Stored items:
☆ ☆ ☆ ☆

text \<open>Since \<delta> is increasing and 2-Lipschitz, \<open>h x = x - \<delta> x\<close> is 1-Lipschitz, so its
  cumulative variation \<open>V x = TV\<^sub>0\<^sup>x(h)\<close> is finite, additive (\<open>TV\<^sub>x\<^sup>y(h) = V y - V x\<close>) and
  satisfies \<open>\<bar>h y - h x\<bar> \<le> V y - V x \<le> y - x\<close> for \<open>x \<le> y\<close>.  Then \<open>U\<^sub>\<delta> = min {x, y, A x y}\<close>
  with the affine part \<open>A x y = y - (h x + h y + V y - V x) / 2\<close>, which is modular:
  \<open>A b d + A a c = A b c + A a d\<close>.  Together with the two increment bounds this makes each
  of the nine choices of minima in \<open>U b d + U a c\<close> dominate \<open>U b c + U a d\<close>.  The boundary
  conditions are the same increment bounds at the end points (\<open>h 0 = h 1 = 0\<close>), and on the
  diagonal \<open>U t t = t - h t = \<delta> t\<close>.\<close>

definition partition_of :: "(nat \<Rightarrow> real) \<Rightarrow> nat \<Rightarrow> real \<Rightarrow> real \<Rightarrow> bool" where
  "partition_of p n x y \<longleftrightarrow> p 0 = x \<and> p n = y \<and> (\<forall>i<n. p i < p (Suc i))"

definition variation_sum :: "(real \<Rightarrow> real) \<Rightarrow> (nat \<Rightarrow> real) \<Rightarrow> nat \<Rightarrow> real" where
  "variation_sum f p n = (\<Sum>i\<in>{1..n}. \<bar>f (p i) - f (p (i - 1))\<bar>)"

definition variation_sums :: "(real \<Rightarrow> real) \<Rightarrow> real \<Rightarrow> real \<Rightarrow> real set" where
  "variation_sums f x y = {variation_sum f p n | n p. partition_of p n x y}"

lemma TV_pos_eq_Sup_variation_sums: "TV_pos f x y = Sup (variation_sums f x y)"
  by (simp add: TV_pos_def variation_sums_def variation_sum_def partition_of_def)

lemma variation_sum_0 [simp]: "variation_sum f p 0 = 0"
  by (simp add: variation_sum_def)

lemma variation_sum_Suc [simp]:
  "variation_sum f p (Suc n) = variation_sum f p n + \<bar>f (p (Suc n)) - f (p n)\<bar>"
  by (simp add: variation_sum_def)

lemma variation_sum_cong:
  "(\<And>i. i \<le> n \<Longrightarrow> p i = q i) \<Longrightarrow> variation_sum f p n = variation_sum f q n"
  unfolding variation_sum_def by (intro sum.cong) auto

lemma partition_of_Suc: "partition_of p (Suc n) x z \<Longrightarrow> partition_of p n x (p n)"
  by (simp add: partition_of_def)

lemma partition_of_mono:
  assumes "partition_of p n x y" "i \<le> j" "j \<le> n"
  shows "p i \<le> p j"
  using assms(2,3)
proof (induction j rule: dec_induct)
  case (step k)
  then have "p k < p (Suc k)"
    using assms(1) by (simp add: partition_of_def)
  with step show ?case by simp
qed simp

lemma abs_diff_in_variation_sums:
  assumes "x \<le> y"
  shows "\<bar>f y - f x\<bar> \<in> variation_sums f x y"
proof (cases "x = y")
  case True
  then have "partition_of (\<lambda>_. x) 0 x y"
    by (simp add: partition_of_def)
  then show ?thesis
    unfolding variation_sums_def using True by force
next
  case False
  then have "partition_of (\<lambda>i. if i = 0 then x else y) 1 x y"
    using assms by (simp add: partition_of_def)
  then show ?thesis
    unfolding variation_sums_def by force
qed

lemma variation_sum_append:
  assumes "q 0 = p n"
  shows "variation_sum f (\<lambda>i. if i \<le> n then p i else q (i - n)) (n + m)
    = variation_sum f p n + variation_sum f q m"
proof (induction m)
  case 0
  have "variation_sum f (\<lambda>i. if i \<le> n then p i else q (i - n)) n = variation_sum f p n"
    by (rule variation_sum_cong) simp
  then show ?case
    by simp
next
  case (Suc m)
  have "(if n + m \<le> n then p (n + m) else q (n + m - n)) = q m"
    using assms by (cases m) auto
  with Suc.IH show ?case
    by simp
qed

lemma partition_of_append:
  assumes "partition_of p n x y" "partition_of q m y z"
  shows "partition_of (\<lambda>i. if i \<le> n then p i else q (i - n)) (n + m) x z"
  unfolding partition_of_def
proof (intro conjI allI impI)
  fix i assume "i < n + m"
  then show "(if i \<le> n then p i else q (i - n)) < (if Suc i \<le> n then p (Suc i) else q (Suc i - n))"
    using assms by (cases "i < n"; cases "i = n") (auto simp: partition_of_def Suc_diff_le)
qed (use assms in \<open>auto simp: partition_of_def\<close>)

lemma variation_sums_append:
  assumes "s \<in> variation_sums f x y" "t \<in> variation_sums f y z"
  shows "s + t \<in> variation_sums f x z"
proof -
  obtain n p where p: "partition_of p n x y" "s = variation_sum f p n"
    using assms(1) by (auto simp: variation_sums_def)
  obtain m q where q: "partition_of q m y z" "t = variation_sum f q m"
    using assms(2) by (auto simp: variation_sums_def)
  define r where "r = (\<lambda>i. if i \<le> n then p i else q (i - n))"
  have "partition_of r (n + m) x z"
    unfolding r_def using p(1) q(1) by (rule partition_of_append)
  moreover have "variation_sum f r (n + m) = s + t"
    using p q by (simp add: r_def partition_of_def variation_sum_append)
  ultimately show ?thesis
    unfolding variation_sums_def by force
qed

lemma cSup_add_le:
  fixes A B :: "'a :: {conditionally_complete_lattice, ordered_ab_group_add} set"
  assumes "A \<noteq> {}" "B \<noteq> {}" "\<And>a b. a \<in> A \<Longrightarrow> b \<in> B \<Longrightarrow> a + b \<le> c"
  shows "Sup A + Sup B \<le> c"
proof -
  have "a \<le> c - Sup B" if "a \<in> A" for a
  proof -
    have "Sup B \<le> c - a"
      using assms(2) by (rule cSup_least) (metis assms(3) that le_diff_eq add.commute)
    then show ?thesis
      by (metis le_diff_eq add.commute)
  qed
  then have "Sup A \<le> c - Sup B"
    by (rule cSup_least[OF assms(1)])
  then show ?thesis
    by (simp add: le_diff_eq)
qed

lemma bdd_above_variation_sums_subinterval:
  assumes "bdd_above (variation_sums f a b)" "a \<le> x" "x \<le> y" "y \<le> b"
  shows "bdd_above (variation_sums f x y)"
proof -
  obtain B where B: "\<And>s. s \<in> variation_sums f a b \<Longrightarrow> s \<le> B"
    using assms(1) by (auto simp: bdd_above_def)
  have "s \<le> B" if "s \<in> variation_sums f x y" for s
  proof -
    have "\<bar>f x - f a\<bar> + s + \<bar>f b - f y\<bar> \<in> variation_sums f a b"
      using that assms(2-4) abs_diff_in_variation_sums[of a x f] abs_diff_in_variation_sums[of y b f]
      by (intro variation_sums_append) auto
    then show ?thesis
      using B by force
  qed
  then show ?thesis
    by (auto simp: bdd_above_def)
qed

lemma variation_sum_le_TV_pos:
  assumes "bdd_above (variation_sums f x y)" "partition_of p n x y"
  shows "variation_sum f p n \<le> TV_pos f x y"
  unfolding TV_pos_eq_Sup_variation_sums
  using assms by (intro cSup_upper) (auto simp: variation_sums_def)

lemma abs_diff_le_TV_pos:
  assumes "bdd_above (variation_sums f x y)" "x \<le> y"
  shows "\<bar>f y - f x\<bar> \<le> TV_pos f x y"
  unfolding TV_pos_eq_Sup_variation_sums
  using assms abs_diff_in_variation_sums by (intro cSup_upper)

lemma TV_pos_superadditive:
  assumes "bdd_above (variation_sums f x z)" "x \<le> y" "y \<le> z"
  shows "TV_pos f x y + TV_pos f y z \<le> TV_pos f x z"
  unfolding TV_pos_eq_Sup_variation_sums
  using assms abs_diff_in_variation_sums
  by (intro cSup_add_le cSup_upper variation_sums_append) auto

lemma variation_sum_le_split:
  assumes "bdd_above (variation_sums f x z)" "partition_of p n x z" "x \<le> y" "y \<le> z"
  shows "variation_sum f p n \<le> TV_pos f x y + TV_pos f y z"
  using assms
proof (induction n arbitrary: z)
  case 0
  then have "x = y" "y = z"
    by (auto simp: partition_of_def)
  then show ?case
    using abs_diff_le_TV_pos[OF "0.prems"(1)] by fastforce
next
  case (Suc n)
  define w where "w = p n"
  have part: "partition_of p n x w"
    using Suc.prems(2) by (simp add: partition_of_Suc w_def)
  have "x \<le> w" "w < z"
    using partition_of_mono[OF Suc.prems(2), of 0 n] Suc.prems(2)
    by (auto simp: partition_of_def w_def)
  note bdd = bdd_above_variation_sums_subinterval[OF Suc.prems(1)]
  have last: "variation_sum f p (Suc n) = variation_sum f p n + \<bar>f z - f w\<bar>"
    using Suc.prems(2) by (simp add: partition_of_def w_def)
  show ?case
  proof (cases "y \<le> w")
    case True
    have "variation_sum f p n \<le> TV_pos f x y + TV_pos f y w"
      using Suc.IH[OF _ part] bdd \<open>x \<le> w\<close> \<open>w < z\<close> Suc.prems(3) True by simp
    moreover have "\<bar>f z - f w\<bar> \<le> TV_pos f w z"
      using abs_diff_le_TV_pos bdd \<open>x \<le> w\<close> \<open>w < z\<close> by simp
    moreover have "TV_pos f y w + TV_pos f w z \<le> TV_pos f y z"
      using TV_pos_superadditive bdd Suc.prems(3) True \<open>w < z\<close> by simp
    ultimately show ?thesis
      using last by linarith
  next
    case False
    have "variation_sum f p n \<le> TV_pos f x w"
      using variation_sum_le_TV_pos[OF _ part] bdd \<open>x \<le> w\<close> \<open>w < z\<close> by simp
    moreover have "\<bar>f y - f w\<bar> \<le> TV_pos f w y" "\<bar>f z - f y\<bar> \<le> TV_pos f y z"
      using abs_diff_le_TV_pos bdd \<open>x \<le> w\<close> False Suc.prems(4) by simp_all
    moreover have "TV_pos f x w + TV_pos f w y \<le> TV_pos f x y"
      using TV_pos_superadditive bdd \<open>x \<le> w\<close> False Suc.prems(4) by simp
    ultimately show ?thesis
      using last by linarith
  qed
qed

lemma TV_pos_additive:
  assumes "bdd_above (variation_sums f x z)" "x \<le> y" "y \<le> z"
  shows "TV_pos f x z = TV_pos f x y + TV_pos f y z"
proof (rule order.antisym)
  show "TV_pos f x z \<le> TV_pos f x y + TV_pos f y z"
    unfolding TV_pos_eq_Sup_variation_sums[of f x z]
    using assms abs_diff_in_variation_sums[of x z f] variation_sum_le_split[OF assms(1) _ assms(2,3)]
    by (intro cSup_least) (auto simp: variation_sums_def)
qed (rule TV_pos_superadditive[OF assms])

lemma TV_eq_diff_TV_pos:
  assumes "bdd_above (variation_sums f a b)" "x \<in> {a..b}" "y \<in> {a..b}"
  shows "TV f x y = TV_pos f a y - TV_pos f a x"
proof (cases "x \<le> y")
  case True
  have "TV_pos f a y = TV_pos f a x + TV_pos f x y"
    using assms True by (intro TV_pos_additive bdd_above_variation_sums_subinterval[OF assms(1)]) auto
  with True show ?thesis
    by (simp add: TV_def)
next
  case False
  have "TV_pos f a x = TV_pos f a y + TV_pos f y x"
    using assms False by (intro TV_pos_additive bdd_above_variation_sums_subinterval[OF assms(1)]) auto
  with False show ?thesis
    by (simp add: TV_def)
qed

☆ ☆ ☆ ☆

Output only an exact transcription of the lines above from the one with "Sup (variation_sums f" up to and including the one with "unfolding variation_sum_def by".

_Output of the exercise_
lemma TV_pos_eq_Sup_variation_sums: "TV_pos f x y = Sup (variation_sums f x y)"
  by (simp add: TV_pos_def variation_sums_def variation_sum_def partition_of_def)

lemma variation_sum_0 [simp]: "variation_sum f p 0 = 0"
  by (simp add: variation_sum_def)

lemma variation_sum_Suc [simp]:
  "variation_sum f p (Suc n) = variation_sum f p n + \<bar>f (p (Suc n)) - f (p n)\<bar>"
  by (simp add: variation_sum_def)

lemma variation_sum_cong:
  "(\<And>i. i \<le> n \<Longrightarrow> p i = q i) \<Longrightarrow> variation_sum f p n = variation_sum f q n"
  unfolding variation_sum_def by (intro sum.cong) auto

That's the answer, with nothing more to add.